"Did Shakespeare Have Syphilis?"
by
Jeffrey Brown and Jason Kane
January 25th, 2013
PBS NewsHour
Writing a book is "a horrible, exhausting struggle, like a long bout of some painful illness," George Orwell once said. The literary giant behind "1984" and "Animal Farm" was comparing his life's work to the many illnesses that plagued him from childhood to death.
And though William Shakespeare, Herman Melville and Emily Bronte may not have tied their creativity to poor health quite so explicitly, there's plenty of evidence that disease -- everything from tuberculosis to syphilis and mercury poisoning -- profoundly impacted works like "Moby Dick," "Wuthering Heights" and "Hamlet."

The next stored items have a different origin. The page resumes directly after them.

(* Let $0 \leq a \leq b$. For any $t > 0$, \[ \mathcal{R}_I(t,a,b) = O\!\left(\frac1t\right). \] Whenever $b \leq \frac14$, setting $\delta_b = \frac14 - b$, \[ \mathcal{R}_I(t,a,b) = O\!\left(\frac{e^{-\frac34 t^2\delta_b^2}}{t^{\frac32}}\right). \]
   Context: For $0\le a\le b$ and $t>0$, define $f_t:[0,\infty)\to\mathbb{R}$ by $f_t(\lambda) = \frac{t}{\sqrt\pi}\int_a^b \exp(-t^2(\lambda-\mu)^2)\,d\mu$ (the convolution of $\mathbf{1}_{[a,b]}$ with the normalised Gaussian $\frac{t}{\sqrt\pi}e^{-t^2x^2}$), and \[ \mathcal{R}_I(t,a,b) = \frac{1}{4\pi}\int_{\frac14}^{+\infty}\big(f_t(\lambda) - \mathbf{1}_{[a,b]}(\lambda)\big)\tanh\!\Big(\pi\sqrt{\lambda-\tfrac14}\Big)\,d\lambda. \] $T_1 = O(T_2)$ means $|T_1|\le CT_2$ with a universal constant $C$ independent of $t,a,b$. *)

theory Defs
  imports "HOL-Analysis.Analysis"
begin

definition f_t :: "real \<Rightarrow> real \<Rightarrow> real \<Rightarrow> real \<Rightarrow> real" where
  "f_t t a b x = t / sqrt pi * (LINT \<mu>:{a..b}|lborel. exp (- (t\<^sup>2 * (x - \<mu>)\<^sup>2)))"

definition R_I :: "real \<Rightarrow> real \<Rightarrow> real \<Rightarrow> real" where
  "R_I t a b = 1 / (4 * pi) *
     (LINT x:{1/4..}|lborel. (f_t t a b x - indicator {a..b} x) * tanh (pi * sqrt (x - 1/4)))"

end

(*
  f_t is the convolution of the indicator of [a, b] with a Gaussian of width about 1/t, so
  |f_t(x) - 1_[a,b](x)| is controlled by the Gaussian mass beyond the endpoints.  Because
  (u + v)^2 >= u^2 + v^2 for u, v >= 0, that mass is at most
  (exp(-t^2 (x - a)^2) + exp(-t^2 (x - b)^2)) / 2, and since each of these Gaussians has
  integral sqrt(pi)/t, the bound |tanh| <= 1 gives the O(1/t) estimate.

  If b <= 1/4, the indicator meets [1/4, oo) at most in the point 1/4, where tanh vanishes, so
  only f_t itself is integrated.  Writing u = x - 1/4, the same splitting of squares gives
  f_t(x) <= exp(-t^2 delta_b^2) exp(-t^2 u^2) / 2, while
  tanh(pi sqrt u) <= 2 pi sqrt u <= pi (1 + t u) / sqrt t by AM-GM.  The integrals of
  exp(-t^2 u^2) and t u exp(-t^2 u^2) over u >= 0 are O(1/t), which gives
  exp(-t^2 delta_b^2) / t^(3/2).  Both bounds hold with C = 1.
*)

theory Submission
  imports Defs "HOL-Probability.Distributions"
begin

definition gauss_kernel :: "real \<Rightarrow> real \<Rightarrow> real \<Rightarrow> real" where
  "gauss_kernel t c x = t / sqrt pi * exp (- (t\<^sup>2 * (x - c)\<^sup>2))"

lemma gauss_kernel_eq_normal_density:
  assumes "t > 0"
  shows "gauss_kernel t c = normal_density c (1 / (t * sqrt 2))"
proof
  fix x
  have "sqrt (2 * pi * (1 / (t * sqrt 2))\<^sup>2) = sqrt pi / t"
    using assms by (simp add: power_divide power_mult_distrib real_sqrt_divide real_sqrt_mult)
  moreover have "(x - c)\<^sup>2 / (2 * (1 / (t * sqrt 2))\<^sup>2) = t\<^sup>2 * (x - c)\<^sup>2"
    using assms by (simp add: power_divide power_mult_distrib)
  ultimately show "gauss_kernel t c x = normal_density c (1 / (t * sqrt 2)) x"
    unfolding gauss_kernel_def normal_density_def by (simp add: field_simps)
qed

lemma gauss_kernel_nonneg: "0 \<le> t \<Longrightarrow> 0 \<le> gauss_kernel t c x"
  by (simp add: gauss_kernel_def)

lemma integrable_gauss_kernel: "t > 0 \<Longrightarrow> integrable lborel (gauss_kernel t c)"
  by (simp add: gauss_kernel_eq_normal_density)

lemma integral_gauss_kernel: "t > 0 \<Longrightarrow> integral\<^sup>L lborel (gauss_kernel t c) = 1"
  by (simp add: gauss_kernel_eq_normal_density)

lemma integrable_gauss_kernel_indicator:
  "t > 0 \<Longrightarrow> S \<in> sets borel \<Longrightarrow> integrable lborel (\<lambda>m. gauss_kernel t c m * indicator S m)"
  by (intro integrable_real_mult_indicator integrable_gauss_kernel) auto

lemma f_t_eq_integral_gauss_kernel:
  "f_t t a b x = (\<integral>m. gauss_kernel t x m * indicator {a..b} m \<partial>lborel)"
proof -
  have "(\<lambda>m. gauss_kernel t x m * indicator {a..b} m) =
        (\<lambda>m. t / sqrt pi * (indicator {a..b} m *\<^sub>R exp (- (t\<^sup>2 * (x - m)\<^sup>2))))"
    by (auto simp: gauss_kernel_def fun_eq_iff power2_commute split: split_indicator)
  then show ?thesis
    unfolding f_t_def set_lebesgue_integral_def by simp
qed

lemma has_bochner_integral_lborel_rescale:
  fixes g :: "real \<Rightarrow> real"
  assumes "s > 0" "has_bochner_integral lborel g I"
  shows "has_bochner_integral lborel (\<lambda>x. g (s * (x - c))) (I / s)"
proof -
  have "has_bochner_integral lborel (\<lambda>x. g (- s * c + s * x)) (I / s)"
    using lborel_has_bochner_integral_real_affine_iff[of s g I "- s * c"] assms
    by (simp add: field_simps)
  then show ?thesis
    by (simp add: algebra_simps)
qed

lemma exp_neg_square_le_split:
  fixes t c x m :: real
  assumes "0 \<le> (c - x) * (m - c)"
  shows "exp (- (t\<^sup>2 * (m - x)\<^sup>2)) \<le> exp (- (t\<^sup>2 * (c - x)\<^sup>2)) * exp (- (t\<^sup>2 * (m - c)\<^sup>2))"
proof -
  have "(m - x)\<^sup>2 = (c - x)\<^sup>2 + (m - c)\<^sup>2 + 2 * ((c - x) * (m - c))"
    by (simp add: power2_eq_square algebra_simps)
  then have "t\<^sup>2 * ((c - x)\<^sup>2 + (m - c)\<^sup>2) \<le> t\<^sup>2 * (m - x)\<^sup>2"
    using assms by (intro mult_left_mono) auto
  then show ?thesis
    by (simp add: exp_add[symmetric] algebra_simps)
qed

In a new book, "Shakespeare's Tremor and Orwell's Cough: The Medical Lives of Famous Writers," Dr. John J. Ross of Boston's Brigham and Women's Hospital looks at how disease and mood disorder may have infected the lives, creativity and words of some of the world's most beloved authors.
Ross recently sat down with Jeffrey Brown to discuss the book, including what Shakespeare's handwriting might reveal about syphilis, how the Brontë family's fatal collision with a Victorian plague made an appearance in "Jane Eyre," and old medical practices like the use of "mummy," or ground-up human flesh and bone. They also explore why readers today should even care about these old illnesses -- especially when many of them could be treated so much more effectively today. Watch the full interview above.
To get a little more of the book's flavor, keep reading. Ross summarizes some of the more intriguing cases below.
Eight Ways Disease May Have Infected Your Favorite Books, According to Dr. John J. Ross
1. William Shakespeare
The only medical fact known about Shakespeare with certainty is that his final signatures show a marked tremor. Compared to other Elizabethans, Shakespeare had an unhealthy obsession with syphilis. D. H. Lawrence wrote, "I am convinced that some of Shakespeare's horror and despair, in his tragedies, arose from the shock of his consciousness of syphilis."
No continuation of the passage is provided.